Collected data:
(* Let $n,m\ge 1$ and let $f\in L^2((0,1)^n)$ and $h\in L^2((0,1)^m)$ be real-valued, with $f$ not a.e. constant and $h$ not a.e. zero, and define $g\in L^2((0,1)^{n+m})$ by $g(x,\xi)=f(x)h(\xi)$ for $x=(x_1,\dots,x_n)\in(0,1)^n$, $\xi\in(0,1)^m$. Fix $i\in\{1,\dots,n\}$. Then $$S^g_{T_{x_i}}=\lambda_{f,h}\,S^f_{T_{x_i}},\qquad \lambda_{f,h}=\frac{\int f(x)^2\,dx-f_0^2}{\int f(x)^2\,dx-\dfrac{f_0^2h_0^2}{\int h(\xi)^2\,d\xi}}.$$ In particular $S^g_{T_{x_i}}\le S^f_{T_{x_i}}$ and $$S^g_{T_{x_i}}\ge\Big(1-\frac{f_0^2}{\int f(x)^2\,dx}\Big)S^f_{T_{x_i}}.$$
   Context: All integrals are with respect to Lebesgue measure over the unit cubes (equivalently, the inputs are independent and uniformly distributed on $[0,1]$). For a function $\varphi$, $\varphi_0=\int\varphi$ denotes its mean. For a square-integrable function $\varphi$ of variables $(x,y)$ with $x=(x_1,\dots,x_n)$ and $y$ a further (possibly empty) block of variables, write $x_{\sim i}=(x_1,\dots,x_{i-1},x_{i+1},\dots,x_n)$; the total Sobol sensitivity index of $x_i$ for $\varphi$ is $$S^{\varphi}_{T_{x_i}}=\frac{\int\varphi^2\,dx\,dy-\int\big(\int\varphi\,dx_i\big)^2dx_{\sim i}\,dy}{\int\varphi^2\,dx\,dy-\varphi_0^2},$$ defined when $\mathrm{Var}(\varphi)=\int\varphi^2-\varphi_0^2>0$. *)

theory Defs
  imports "HOL-Probability.Probability"
begin

definition unit_interval :: "real measure" where
  "unit_interval = restrict_space lborel {0..1}"

text \<open>The unit cube of dimension d: points are (extensional) functions on the
  index set {..<d} (coordinates x_1..x_d are indexed 0..d-1).\<close>
definition unit_cube :: "nat \<Rightarrow> (nat \<Rightarrow> real) measure" where
  "unit_cube d = PiM {..<d} (\<lambda>_. unit_interval)"

text \<open>Total Sobol index of the coordinate i (0-based) for a function phi on the
  d-dimensional unit cube (all remaining coordinates form x_{~i} together with y).\<close>
definition sobol_total :: "nat \<Rightarrow> ((nat \<Rightarrow> real) \<Rightarrow> real) \<Rightarrow> nat \<Rightarrow> real" where
  "sobol_total d \<phi> i =
     ((\<integral>z. (\<phi> z)\<^sup>2 \<partial>unit_cube d)
        - (\<integral>z. (\<integral>t. \<phi> (z(i := t)) \<partial>unit_interval)\<^sup>2 \<partial>unit_cube d))
     / ((\<integral>z. (\<phi> z)\<^sup>2 \<partial>unit_cube d) - (\<integral>z. \<phi> z \<partial>unit_cube d)\<^sup>2)"

definition tensor_fun :: "nat \<Rightarrow> nat \<Rightarrow> ((nat \<Rightarrow> real) \<Rightarrow> real) \<Rightarrow> ((nat \<Rightarrow> real) \<Rightarrow> real)
    \<Rightarrow> (nat \<Rightarrow> real) \<Rightarrow> real" where
  "tensor_fun n m f h z = f (restrict z {..<n}) * h (restrict (\<lambda>j. z (n + j)) {..<m})"

end

theory Submission
  imports Defs
begin

text \<open>
  The cube of dimension n + m is the product of its first n and its last m coordinates, which are
  independent, and integrating out x_i commutes with multiplication by h(\<xi>). Hence every
  moment entering S^g factors: \<integral>g^2 = \<integral>f^2 \<integral>h^2, g_0 = f_0 h_0 and
  \<integral>(\<integral>g dx_i)^2 = \<integral>(\<integral>f dx_i)^2 \<integral>h^2. Dividing numerator and denominator of S^g by \<integral>h^2
  gives \<lambda>_{f,h} S^f, and the bounds follow from h_0^2 \<le> \<integral>h^2 and (\<integral>f dx_i)^2 \<le> \<integral>f^2 dx_i.
\<close>

lemma indep_vars_PiM_components:
  assumes M: "\<And>i. i \<in> I \<Longrightarrow> prob_space (M i)"
  shows "prob_space.indep_vars (PiM I M) M (\<lambda>i x. x i) I"
proof -
  interpret prob_space "PiM I M" by (rule prob_space_PiM[OF M])
  show ?thesis
  proof (cases "I = {}")
    case True
    then show ?thesis unfolding indep_vars_def indep_sets_def by auto
  next
    case False
    have "distr (PiM I M) (PiM I M) (\<lambda>x. restrict x I) = distr (PiM I M) (PiM I M) (\<lambda>x. x)"
      by (rule distr_cong) (auto simp: space_PiM)
    also have "\<dots> = PiM I (\<lambda>i. distr (PiM I M) (M i) (\<lambda>x. x i))"
      using M by (auto simp: distr_PiM_component intro!: PiM_cong)
    finally show ?thesis
      using False by (subst indep_vars_iff_distr_eq_PiM') auto
  qed
qed

lemma indep_var_PiM_restrict:
  assumes "\<And>i. i \<in> I \<Longrightarrow> prob_space (M i)" "A \<inter> B = {}" "A \<subseteq> I" "B \<subseteq> I"
  shows "prob_space.indep_var (PiM I M) (PiM A M) (\<lambda>x. restrict x A) (PiM B M) (\<lambda>x. restrict x B)"
  using prob_space.indep_var_restrict[OF prob_space_PiM indep_vars_PiM_components, OF assms(1,1) assms(2-)]
  by simp

lemma (in product_sigma_finite) distr_PiM_fun_upd:
  assumes I: "finite I" "i \<in> I" and Mi: "prob_space (M i)"
  shows "distr (PiM I M \<Otimes>\<^sub>M M i) (PiM I M) (\<lambda>(x, t). x(i := t)) = PiM I M"
proof (rule PiM_eqI)
  interpret I: finite_product_sigma_finite M I by standard fact
  interpret Mi: prob_space "M i" by fact
  fix A assume A: "\<And>j. j \<in> I \<Longrightarrow> A j \<in> sets (M j)"
  have upd: "(\<lambda>(x, t). x(i := t)) \<in> measurable (PiM I M \<Otimes>\<^sub>M M i) (PiM I M)"
    using measurable_add_dim[of i I M] I by (simp add: insert_absorb)
  let ?A' = "A(i := space (M i))"
  have A': "\<And>j. j \<in> I \<Longrightarrow> ?A' j \<in> sets (M j)"
    using A by simp
  have preimage: "(\<lambda>(x, t). x(i := t)) -` PiE I A \<inter> space (PiM I M \<Otimes>\<^sub>M M i) = PiE I ?A' \<times> A i"
    using A[THEN sets.sets_into_space] I
    by (auto simp: space_pair_measure space_PiM PiE_iff extensional_def split: if_splits) blast
  have "emeasure (distr (PiM I M \<Otimes>\<^sub>M M i) (PiM I M) (\<lambda>(x, t). x(i := t))) (PiE I A)
      = emeasure (PiM I M \<Otimes>\<^sub>M M i) (PiE I ?A' \<times> A i)"
    using A by (simp add: emeasure_distr[OF upd] sets_PiM_I_finite I preimage)
  also have "\<dots> = emeasure (PiM I M) (PiE I ?A') * emeasure (M i) (A i)"
    using A A' I by (intro emeasure_pair_measure_Times sets_PiM_I_finite) auto
  also have "\<dots> = (\<Prod>j\<in>I. emeasure (M j) (?A' j)) * emeasure (M i) (A i)"
    using A' by (simp add: I.measure_times)
  also have "\<dots> = (\<Prod>j\<in>I. emeasure (M j) (A j))"
    using I by (simp add: prod.remove[OF I] Mi.emeasure_space_1 mult.commute cong: prod.cong_simp)
  finally show "emeasure (distr (PiM I M \<Otimes>\<^sub>M M i) (PiM I M) (\<lambda>(x, t). x(i := t))) (PiE I A)
      = (\<Prod>j\<in>I. emeasure (M j) (A j))" .
qed (use I in simp_all)
(* Let q(x) = x^2 - 3x + 1, whose roots are theta and its conjugate.  For x <> 1 with
   q(x) <> 0, column operations make the characteristic matrix xI - L of T(s,k) upper
   triangular: each pendant vertex s + c of a long ray is eliminated against its neighbour c,
   and the centre's column is replaced by the vector v with v_0 = 1 and (xI - L) v a multiple
   of e_0.  The pivots are x - 1 at the s vertices other than 0, 1, ..., k, q(x)/(x - 1) at
   the vertices 1, ..., k, and at the centre a rational function whose product with
   q(x)(x - 1) is x times the cubic.  Hence det (xI - L) = x q(x)^(k-1) (x - 1)^(s-k-1) times
   the cubic for all but finitely many x, and therefore as polynomials. *)

lemma poly_eqI_cofinite:
  fixes p q :: "'a::{idom,ring_char_0} poly"
  assumes "finite S" and "\<And>x. x \<notin> S \<Longrightarrow> poly p x = poly q x"
  shows "p = q"
proof (rule ccontr)
  assume "p \<noteq> q"
  then have "finite {x. poly (p - q) x = 0}"
    by (intro poly_roots_finite) simp
  moreover have "UNIV \<subseteq> S \<union> {x. poly (p - q) x = 0}"
    using assms(2) by auto
  ultimately have "finite (UNIV :: 'a set)"
    using assms(1) by (meson finite_UnI finite_subset)
  then show False
    using infinite_UNIV_char_0 by blast
qed

lemma det_eq_prod_diag_mult_unit_lower_triangular:
  assumes M: "M \<in> carrier_mat n n" and B: "B \<in> carrier_mat n n"
    and B_lower: "\<And>i j. i < j \<Longrightarrow> j < n \<Longrightarrow> B $$ (i, j) = 0"
    and B_diag: "\<And>i. i < n \<Longrightarrow> B $$ (i, i) = 1"
    and MB_upper: "\<And>i j. j < i \<Longrightarrow> i < n \<Longrightarrow> (M * B) $$ (i, j) = 0"
  shows "det M = (\<Prod>i<n. (M * B) $$ (i, i))"
proof -
  have MB: "M * B \<in> carrier_mat n n"
    using M B by simp
  have "det B = prod_list (diag_mat B)"
    by (rule det_lower_triangular[OF B_lower B])
  also have "\<dots> = 1"
    unfolding prod_list_diag_prod using B B_diag by (auto intro: prod.neutral)
  finally have "det M = det (M * B)"
    using det_mult[OF M B] by simp
  also have "\<dots> = prod_list (diag_mat (M * B))"
    by (rule det_upper_triangular[OF _ MB])
      (use MB MB_upper in \<open>auto simp: upper_triangular_def\<close>)
  also have "\<dots> = (\<Prod>i<n. (M * B) $$ (i, i))"
    unfolding prod_list_diag_prod using M by (simp add: atLeast0LessThan)
  finally show ?thesis .
qed

lemma laplacian_matrix_entry:
  assumes "i < n" "j < n" "\<not> E i i"
  shows "laplacian_matrix n E $$ (i, j) =
    (if i = j then real (degree n E i) else if E i j then -1 else 0)"
  using assms by (auto simp: laplacian_matrix_def degree_matrix_def adjacency_matrix_def)

lemma poly_char_poly_laplacian:
  fixes a :: complex
  assumes "\<And>i. i < n \<Longrightarrow> \<not> E i i"
  shows "poly (char_poly (map_mat complex_of_real (laplacian_matrix n E))) a =
    det (mat n n (\<lambda>(i, j). if i = j then a - of_nat (degree n E i) else if E i j then 1 else 0))"
    (is "_ = det ?A")
proof -
  have L: "map_mat complex_of_real (laplacian_matrix n E) \<in> carrier_mat n n"
    unfolding laplacian_matrix_def degree_matrix_def adjacency_matrix_def by auto
  have "- char_matrix (map_mat complex_of_real (laplacian_matrix n E)) a = ?A"
    by (rule eq_matI) (use L assms laplacian_matrix_entry in \<open>auto simp: char_matrix_def\<close>)
  then show ?thesis
    using char_poly_matrix[OF L] by simp
qed

definition spider_degree :: "nat \<Rightarrow> nat \<Rightarrow> nat \<Rightarrow> nat" where
  "spider_degree s k i = (if i = 0 then s else if i \<le> k then 2 else 1)"

lemma spider_edge_irrefl:
  assumes "k \<le> s"
  shows "\<not> spider_edge s k i i"
  using assms by (auto simp: spider_edge_def)

lemma degree_spider_edge:
  assumes "k \<le> s" "i < s + k + 1"
  shows "degree (s + k + 1) (spider_edge s k) i = spider_degree s k i"
proof -
  let ?N = "{j. j < s + k + 1 \<and> spider_edge s k i j}"
  consider "i = 0" | "1 \<le> i" "i \<le> k" | "k < i" "i \<le> s" | "s < i" by linarith
  then show ?thesis
  proof cases
    case 1
    then have "?N = {1..s}" using assms by (auto simp: spider_edge_def)
    then show ?thesis using 1 by (simp add: degree_def spider_degree_def)
  next
    case 2
    then have "?N = {0, s + i}" using assms by (auto simp: spider_edge_def)
    then show ?thesis using 2 assms by (simp add: degree_def spider_degree_def)
  next
    case 3
    then have "?N = {0}" using assms by (auto simp: spider_edge_def)
    then show ?thesis using 3 by (simp add: degree_def spider_degree_def)
  next
    case 4
    then have "?N = {i - s}" using assms by (auto simp: spider_edge_def)
    then show ?thesis using 4 assms by (simp add: degree_def spider_degree_def)
  qed
qed

definition spider_char_entry :: "nat \<Rightarrow> nat \<Rightarrow> 'a::field \<Rightarrow> nat \<Rightarrow> nat \<Rightarrow> 'a" where
  "spider_char_entry s k a i j =
     (if i = j then a - of_nat (spider_degree s k i) else if spider_edge s k i j then 1 else 0)"

(* Column 0 is the vector v with v_0 = 1 and ((aI - L) v)_r = 0 for r > 0; for 1 <= c <= k,
   column c adds -1/(a - 1) times column s + c, clearing the entry of the pendant vertex s + c. *)
definition spider_elim_entry :: "nat \<Rightarrow> nat \<Rightarrow> 'a::field \<Rightarrow> nat \<Rightarrow> nat \<Rightarrow> 'a" where
  "spider_elim_entry s k a j c =
     (if j = c then 1
      else if c = 0 then
        (if j \<le> k then - (a - 1) / (a\<^sup>2 - 3 * a + 1)
         else if j \<le> s then - 1 / (a - 1) else 1 / (a\<^sup>2 - 3 * a + 1))
      else if c \<le> k \<and> j = s + c then - 1 / (a - 1) else 0)"

definition spider_cubic :: "nat \<Rightarrow> nat \<Rightarrow> 'a::comm_ring_1 poly" where
  "spider_cubic s k = [: - of_nat (s + k + 1), of_nat (3 * s + 4), - of_nat (s + 4), 1 :]"

lemma poly_spider_cubic:
  "poly (spider_cubic s k) a =
     a ^ 3 - of_nat (s + 4) * a\<^sup>2 + of_nat (3 * s + 4) * a - of_nat (s + k + 1)"
  by (simp add: spider_cubic_def algebra_simps power2_eq_square power3_eq_cube)

lemma spider_cubic_nonzero: "spider_cubic s k \<noteq> 0"
  by (simp add: spider_cubic_def)

definition spider_centre_pivot :: "nat \<Rightarrow> nat \<Rightarrow> 'a::field \<Rightarrow> 'a" where
  "spider_centre_pivot s k a =
     a - of_nat s - of_nat k * (a - 1) / (a\<^sup>2 - 3 * a + 1) - of_nat (s - k) / (a - 1)"

context
  fixes s k :: nat and a :: "'a::field"
  assumes k_le_s: "k \<le> s" and a_ne_1: "a \<noteq> 1" and q_ne_0: "a\<^sup>2 - 3 * a + 1 \<noteq> 0"
begin

lemma spider_elim_below_diag_centre:
  assumes "0 < r" "r < s + k + 1"
  shows "(\<Sum>j<s + k + 1. spider_char_entry s k a r j * spider_elim_entry s k a j 0) = 0"
proof -
  let ?f = "\<lambda>j. spider_char_entry s k a r j * spider_elim_entry s k a j 0"
  consider "r \<le> k" | "k < r" "r \<le> s" | "s < r" by linarith
  then show ?thesis
  proof cases
    case 1
    have "sum ?f {..<s + k + 1} = sum ?f {0, r, s + r}"
      by (rule sum.mono_neutral_right)
        (use assms 1 k_le_s in \<open>auto simp: spider_char_entry_def spider_edge_def\<close>)
    also have "\<dots> = 0"
      using assms 1 a_ne_1 q_ne_0 k_le_s
      by (simp add: spider_char_entry_def spider_elim_entry_def spider_edge_def spider_degree_def
          field_simps) (simp add: algebra_simps power2_eq_square)
    finally show ?thesis .
  next
    case 2
    have "sum ?f {..<s + k + 1} = sum ?f {0, r}"
      by (rule sum.mono_neutral_right)
        (use assms 2 in \<open>auto simp: spider_char_entry_def spider_edge_def\<close>)
    also have "\<dots> = 0"
      using assms 2 a_ne_1
      by (simp add: spider_char_entry_def spider_elim_entry_def spider_edge_def spider_degree_def)
    finally show ?thesis .
  next
    case 3
    have "sum ?f {..<s + k + 1} = sum ?f {r - s, r}"
      by (rule sum.mono_neutral_right)
        (use assms 3 k_le_s in \<open>auto simp: spider_char_entry_def spider_edge_def\<close>)
    also have "\<dots> = 0"
      using assms 3 k_le_s
      by (simp add: spider_char_entry_def spider_elim_entry_def spider_edge_def spider_degree_def)
        (auto simp: add_divide_distrib[symmetric])
    finally show ?thesis .
  qed
qed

What this task involves: Write out each line above with the word "False".

Response area:
    case False
      using False by (subst indep_vars_iff_distr_eq_PiM') auto
  then show False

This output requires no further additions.